The remote has been impressive frankly in its ability to harvest enough light from leakage from adjacent rooms and a night light at the far end of the room for navigation.

Comment Re: Jesus Wept (Score 1) 59

It was simply bad writing. It really looks like they were given a set of plot points and callback scenes to get into each episode, and like the sub-70 IQ characters they wrote, they were not clever enough to weave it together into something coherent.

In the horror side of the genre, characters making stupid decisions in a moment which come to haunt them is normal -- it's part of the contract between the audience and the writing, to buy the bit. Characters feeling like they would fit in Idiocracy the TV series takes you out of the world and is too much to ask.

The show was run by someone who thought their success with Bones was because the show was smart and clever like House or Sherlock Holmes, not the reality of low brow comedic sexual chemistry between two people much of the target demo thought were obtainable.

Comment Re:News at 11... (Score 1) 15

They also consistently demonstrate massively worse blind spots around false communities. The blind faith towards "person from Discord / reddit" is truly extreme.
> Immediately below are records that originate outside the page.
(* Let $\epsilon,\gamma>0$. Suppose there is an online algorithm $\mathcal{A}$ for online bipartite matching in the random edge arrival model which, on every instance with $\mathcal{G}(1)\le \frac12+\epsilon$, outputs a matching of expected size at least $\left(\frac12+\gamma\right)|\textsc{OPT}|$. Then there is an online algorithm whose competitive ratio is at least $\frac12+\delta$, where $\delta=\frac{\epsilon\gamma}{\frac12+\epsilon+\gamma}$.
   Context: Online bipartite matching in the random edge arrival model: the edges of a fixed bipartite graph $G$ with $m$ edges arrive one at a time in a uniformly random order $\pi$; the algorithm knows $m$, and must immediately and irrevocably decide for each arriving edge whether to add it to its matching (which must remain a matching). $\textsc{OPT}$ is a maximum matching of $G$. The competitive ratio is the infimum over instances of (expected size of the output, over $\pi$ and internal coins)$/|\textsc{OPT}|$. Greedy adds an arriving edge whenever the current set plus this edge is a matching. For $f\in[0,1]$, $T_f^\pi$ is the matching Greedy produces after the first $fm$ edges of $\pi$, and $\mathcal{G}(f)=\mathbb{E}_\pi[|T_f^\pi|]/|\textsc{OPT}|$ for uniformly random $\pi$. *)

theory Defs
  imports Complex_Main "HOL-Combinatorics.Multiset_Permutations"
begin

(* A bipartite graph is a finite set of edges (l, r) :: nat \<times> nat, where l is a
   left vertex and r a right vertex (the two sides are disjoint by construction). *)
type_synonym edge = "nat \<times> nat"

definition is_matching :: "edge set \<Rightarrow> bool" where
  "is_matching M \<longleftrightarrow> (\<forall>e1\<in>M. \<forall>e2\<in>M. e1 \<noteq> e2 \<longrightarrow> fst e1 \<noteq> fst e2 \<and> snd e1 \<noteq> snd e2)"

definition opt_size :: "edge set \<Rightarrow> nat" where
  "opt_size E = Max {card M | M. M \<subseteq> E \<and> is_matching M}"

definition accepted :: "(edge \<times> bool) list \<Rightarrow> edge set" where
  "accepted h = {e. (e, True) \<in> set h}"

definition can_add :: "edge set \<Rightarrow> edge \<Rightarrow> bool" where
  "can_add M e \<longleftrightarrow> is_matching (insert e M)"

(* A (randomized) online algorithm, in behavioural form: given m (number of edges),
   the history of arrived edges together with its own past decisions, and the currently
   arriving edge, it returns the probability with which it accepts that edge.
   Edges whose addition would violate the matching property are always rejected. *)
type_synonym online_alg = "nat \<Rightarrow> (edge \<times> bool) list \<Rightarrow> edge \<Rightarrow> real"
lemma k_open_UN:
  assumes "Cinfinite r" and "|I| \<le>o r" and "\<And>i. i \<in> I \<Longrightarrow> k_open r B (A i)"
  shows "k_open r B (\<Union>i\<in>I. A i)"
proof -
  have "\<forall>i\<in>I. \<exists>F. F \<subseteq> B \<and> |F| \<le>o r \<and> A i = \<Union>F"
    using assms(3) unfolding k_open_def by blast
  from bchoice[OF this]
  obtain F where F: "\<forall>i\<in>I. F i \<subseteq> B \<and> |F i| \<le>o r \<and> A i = \<Union>(F i)"
    by blast
  have "|\<Union>i\<in>I. F i| \<le>o r"
    using assms(1,2) F by (intro card_of_UNION_ordLeq_infinite_Field) (auto simp: cinfinite_def)
  moreover have "(\<Union>i\<in>I. A i) = \<Union>(\<Union>i\<in>I. F i)"
    using F by auto
  moreover have "(\<Union>i\<in>I. F i) \<subseteq> B"
    using F by blast
  ultimately show ?thesis
    unfolding k_open_def by blast
qed

lemma k_open_Un:
  assumes "Cinfinite r" and "k_open r B U" and "k_open r B V"
  shows "k_open r B (U \<union> V)"
proof -
  obtain F G where "F \<subseteq> B" "|F| \<le>o r" "U = \<Union>F" "G \<subseteq> B" "|G| \<le>o r" "V = \<Union>G"
    using assms(2,3) unfolding k_open_def by blast
  then show ?thesis
    using card_of_Un_ordLeq_infinite_Field assms(1) unfolding k_open_def cinfinite_def
    by (intro exI[of _ "F \<union> G"]) auto
qed

lemma k_closed_INT:
  assumes "Cinfinite r" and "|I| \<le>o r" and "\<And>i. i \<in> I \<Longrightarrow> k_closed r B (C i)"
  shows "k_closed r B (\<Inter>i\<in>I. C i)"
  using k_open_UN[OF assms(1,2), where A = "\<lambda>i. - C i"] assms(3)
  unfolding k_closed_def by (simp add: uminus_INF)

lemma k_closed_Int:
  assumes "Cinfinite r" and "k_closed r B C" and "k_closed r B D"
  shows "k_closed r B (C \<inter> D)"
  using k_open_Un[OF assms(1)] assms(2,3) unfolding k_closed_def by (simp add: Compl_Int)

lemma bN_empty [simp]: "bN Map.empty = UNIV"
  unfolding bN_def by simp

lemma mem_bN_singleton [simp]: "\<zeta> \<in> bN [x \<mapsto> v] \<longleftrightarrow> \<zeta> x = v"
  unfolding bN_def by auto

lemma bN_apply:
  assumes "\<zeta> \<in> bN eta" and "eta x = Some v"
  shows "\<zeta> x = v"
proof -
  have "x \<in> dom eta"
    using assms(2) by blast
  then have "eta x = Some (\<zeta> x)"
    using assms(1) unfolding bN_def by blast
  with assms(2) show ?thesis
    by simp
qed

lemma bN_in_basic_open: "|dom eta| <o r \<Longrightarrow> bN eta \<in> basic_open r"
  unfolding basic_open_def by blast

lemma k_open_basic_open:
  assumes "Cinfinite r" and "U \<in> basic_open r"
  shows "k_open r (basic_open r) U"
  unfolding k_open_def
  using assms ordLess_imp_ordLeq[OF finite_card_of_ordLess_Cinfinite[of r "{U}"]]
  by (intro exI[of _ "{U}"]) auto

lemma k_open_UNIV:
  fixes r :: "('k \<times> 'k) set"
  assumes "Cinfinite r"
  shows "k_open r (basic_open r) UNIV"
proof -
  have "|dom (Map.empty :: 'k \<Rightarrow> 'k option)| <o r"
    using finite_card_of_ordLess_Cinfinite[OF assms finite.emptyI] by simp
  then have "bN (Map.empty :: 'k \<Rightarrow> 'k option) \<in> basic_open r"
    by (rule bN_in_basic_open)
  then show ?thesis
    using k_open_basic_open[OF assms] by simp
qed

lemma k_open_coordinate_notin:
  assumes "Cinfinite r" and "Field r = UNIV"
  shows "k_open r (basic_open r) {\<zeta>. \<zeta> x \<notin> S}"
proof -
  have eq: "{\<zeta>. \<zeta> x \<notin> S} = (\<Union>v\<in>- S. bN [x \<mapsto> v])"
    by auto
  have "|- S| \<le>o r"
    using assms by (intro card_of_ordLeq_Field_UNIV) auto
  moreover have "k_open r (basic_open r) (bN [x \<mapsto> v])" for v
    using finite_card_of_ordLess_Cinfinite[OF assms(1), of "{x}"]
    by (intro k_open_basic_open[OF assms(1)] bN_in_basic_open) simp
  ultimately show ?thesis
    unfolding eq by (rule k_open_UN[OF assms(1)])
qed

lemma k_open_Compl_bN:
  assumes "Cinfinite r" and "Field r = UNIV"
  shows "k_open r (basic_open r) (- bN eta)"
proof -
  have eq: "- bN eta = (\<Union>x\<in>dom eta. {\<zeta>. \<zeta> x \<notin> {v. eta x = Some v}})"
    unfolding bN_def by auto
  have "|dom eta| \<le>o r"
    using assms by (intro card_of_ordLeq_Field_UNIV) auto
  then show ?thesis
    unfolding eq by (rule k_open_UN[OF assms(1) _ k_open_coordinate_notin[OF assms]])
qed

lemma k_open_Compl_basic_open:
  assumes "Cinfinite r" and "Field r = UNIV" and "U \<in> basic_open r"
  shows "k_open r (basic_open r) (- U)"
proof -
  from assms(3) consider "U = {}" | eta where "U = bN eta"
    unfolding basic_open_def by blast
  then show ?thesis
    using k_open_UNIV[OF assms(1)] k_open_Compl_bN[OF assms(1,2)] by cases simp_all
qed

lemma Times_in_basic_open2:
  assumes "U \<in> basic_open r" and "V \<in> basic_open r"
  shows "U \<times> V \<in> basic_open2 r"
proof (cases "U = {} \<or> V = {}")
  case True
  then show ?thesis
    unfolding basic_open2_def by auto
next
  case False
  then obtain eta xi where "U = bN eta" "|dom eta| <o r" "V = bN xi" "|dom xi| <o r"
    using assms unfolding basic_open_def by auto
  then show ?thesis
    unfolding basic_open2_def by blast
qed

lemma k_open_Times:
  assumes "Cinfinite r"
    and "k_open r (basic_open r) U" and "k_open r (basic_open r) V"
  shows "k_open r (basic_open2 r) (U \<times> V)"
proof -
  obtain F G where F: "F \<subseteq> basic_open r" "|F| \<le>o r" "U = \<Union>F"
    and G: "G \<subseteq> basic_open r" "|G| \<le>o r" "V = \<Union>G"
    using assms(2,3) unfolding k_open_def by blast
  let ?H = "(\<lambda>(A, A'). A \<times> A') ` (F \<times> G)"
  have "?H \<subseteq> basic_open2 r"
    using F(1) G(1) by (auto intro: Times_in_basic_open2)
  moreover have "|F \<times> G| \<le>o r"
    using F(2) G(2) assms(1) by (intro card_of_Times_ordLeq_infinite_Field) (auto simp: cinfinite_def)
  then have "|?H| \<le>o r"
    by (rule ordLeq_transitive[OF card_of_image])
  moreover have "U \<times> V = \<Union>?H"
    using UN_Times_distrib[of "\<lambda>A. A" "\<lambda>A. A" F G] F(3) G(3) by simp
  ultimately show ?thesis
    unfolding k_open_def by blast
qed

lemma is_treeD:
  assumes "is_tree T R"
  shows is_tree_subset: "R \<subseteq> T \<times> T"
    and is_tree_refl: "t \<in> T \<Longrightarrow> (t, t) \<in> R"
    and is_tree_trans: "(s, t) \<in> R \<Longrightarrow> (t, u) \<in> R \<Longrightarrow> (s, u) \<in> R"
    and is_tree_linear_below:
      "t \<in> T \<Longrightarrow> (s, t) \<in> R \<Longrightarrow> (u, t) \<in> R \<Longrightarrow> (s, u) \<in> R \<or> (u, s) \<in> R"
    and is_tree_wf: "wf {(s, t). (s, t) \<in> R \<and> s \<noteq> t}"
  using assms unfolding is_tree_def by meson+

lemma good_labelled_treeD:
  assumes "good_labelled_tree r l T R L"
  shows good_labelled_tree_is_tree: "is_tree T R"
    and good_labelled_tree_chain: "is_chain T R C \<Longrightarrow> |C| <o r"
    and good_labelled_tree_leaf: "is_leaf T R t \<Longrightarrow> \<exists>U. L t = LSet U \<and> U \<in> basic_open r"
  using assms unfolding good_labelled_tree_def is_leaf_def by meson+

lemma leaf_in_tree: "is_leaf T R t \<Longrightarrow> t \<in> T"
  unfolding is_leaf_def by blast

lemma imm_succ_towards_exists:
  assumes "is_tree T R" and "(s, t) \<in> R" and "s \<noteq> t"
  shows "\<exists>u \<in> imm_succ T R s. (u, t) \<in> R"
proof -
  let ?between = "{u \<in> T. (s, u) \<in> R \<and> u \<noteq> s \<and> (u, t) \<in> R}"
  have "t \<in> ?between"
    using is_tree_subset[OF assms(1)] is_tree_refl[OF assms(1)] assms(2,3) by auto
  with is_tree_wf[OF assms(1)] obtain u where u: "u \<in> ?between"
    and min: "\<And>w. (w, u) \<in> R \<Longrightarrow> w \<noteq> u \<Longrightarrow> w \<notin> ?between"
    by (rule wfE_min) blast
  have "u \<in> imm_succ T R s"
    unfolding imm_succ_def using u min is_tree_trans[OF assms(1)] by blast
  with u show ?thesis
    by blast
qed

lemma imm_succ_towards_unique:
  assumes "is_tree T R" and "t \<in> T"
    and "u \<in> imm_succ T R s" and "(u, t) \<in> R" and "u' \<in> imm_succ T R s" and "(u', t) \<in> R"
  shows "u = u'"
proof -
  have "(u, u') \<in> R \<or> (u', u) \<in> R"
    using is_tree_linear_below[OF assms(1,2,4,6)] .
  then show ?thesis
    using assms(3,5) unfolding imm_succ_def by blast
qed

definition succ_towards :: "'k set \<Rightarrow> ('k \<times> 'k) set \<Rightarrow> 'k \<Rightarrow> 'k \<Rightarrow> 'k" where
  "succ_towards T R s t = (THE u. u \<in> imm_succ T R s \<and> (u, t) \<in> R)"

lemma succ_towards_eqI:
  assumes "is_tree T R" and "t \<in> T" and "u \<in> imm_succ T R s" and "(u, t) \<in> R"
  shows "succ_towards T R s t = u"
  unfolding succ_towards_def
proof (rule the_equality)
  show "u \<in> imm_succ T R s \<and> (u, t) \<in> R"
    using assms(3,4) ..
  show "u' = u" if "u' \<in> imm_succ T R s \<and> (u', t) \<in> R" for u'
    using imm_succ_towards_unique[OF assms(1,2) conjunct1[OF that] conjunct2[OF that] assms(3,4)] .
qed

lemma succ_towards:
  assumes "is_tree T R" and "(s, t) \<in> R" and "s \<noteq> t"
  shows "succ_towards T R s t \<in> imm_succ T R s" and "(succ_towards T R s t, t) \<in> R"
proof -
  obtain u where u: "u \<in> imm_succ T R s" "(u, t) \<in> R"
    using imm_succ_towards_exists[OF assms] by blast
  moreover have "t \<in> T"
    using is_tree_subset[OF assms(1)] assms(2) by blast
  ultimately have "succ_towards T R s t = u"
    by (intro succ_towards_eqI[OF assms(1)])
  with u show "succ_towards T R s t \<in> imm_succ T R s" and "(succ_towards T R s t, t) \<in> R"
    by simp_all
qed

definition moves_towards ::
  "'k set \<Rightarrow> ('k \<times> 'k) set \<Rightarrow> ('k \<Rightarrow> 'a label) \<Rightarrow> 'k \<Rightarrow> 'k \<Rightarrow> 'k option" where
  "moves_towards T R L t =
     (\<lambda>s. if (s, t) \<in> R \<and> s \<noteq> t \<and> L s = LUnion then Some (succ_towards T R s t) else None)"

lemma dom_moves_towards:
  "dom (moves_towards T R L t) = {s. (s, t) \<in> R \<and> s \<noteq> t \<and> L s = LUnion}"
  unfolding moves_towards_def by (auto split: if_splits)

lemma card_of_dom_moves_towards:
  assumes "good_labelled_tree r l T R L" and "t \<in> T"
  shows "|dom (moves_towards T R L t)| <o r"
proof -
  have tree: "is_tree T R"
    using assms(1) by (rule good_labelled_tree_is_tree)
  have "is_chain T R (dom (moves_towards T R L t))"
    unfolding is_chain_def dom_moves_towards
    using is_tree_subset[OF tree] is_tree_linear_below[OF tree assms(2)] by blast
  then show ?thesis
    by (rule good_labelled_tree_chain[OF assms(1)])
qed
Part of it looks like the general social dysfunction from social media overexposure - conflating acquaintances with friendship and such. Hustle culture plays in, as integrity is just something for old people and "not the way the world works". Then they rage at companies and CEOs like they're personal friends beholden to conform to their worldview and in-group politics.

I mean it is all tribalism, but like zero effort, zero intellect applied tribalism.

Comment Re:Cloth diapers? (Score 3, Interesting) 49

It's about these things in balance.

Suburban homes sourcing most / all of their drinking water from bottles is insulting unless there is a Flint water situation due to toxic city leadership. Having a crate of bottled water as backup / leaving the home is more reasonable. Abolishing straws or going to paper ones was always at the opposite end an absurd, insulting virtue signaling. When it comes to changing what something is made from to make it easier to biodegrade, the first question should always be energy input. How much more energy and cost accompany things like reformulating straws' plastic.

Disposable diapers are a necessity of the dual income household. There are a variety of other disposables and consumables which fall in the same category where given the option and time, many could / should / would use reusables. The dark gray area are things like laundry and dish detergent pods. They probably shouldn't exist, but portion control isn't just an eating problem with many people.

Going from selling something a thousand times instead of once, the selling something a few times extra instead of once though is its own form of rent seeking by defect. We're seeing this in the automotive world with PZEVs, direct injection, and SCR systems all designed to incur costly repairs which shouldn't have been necessary.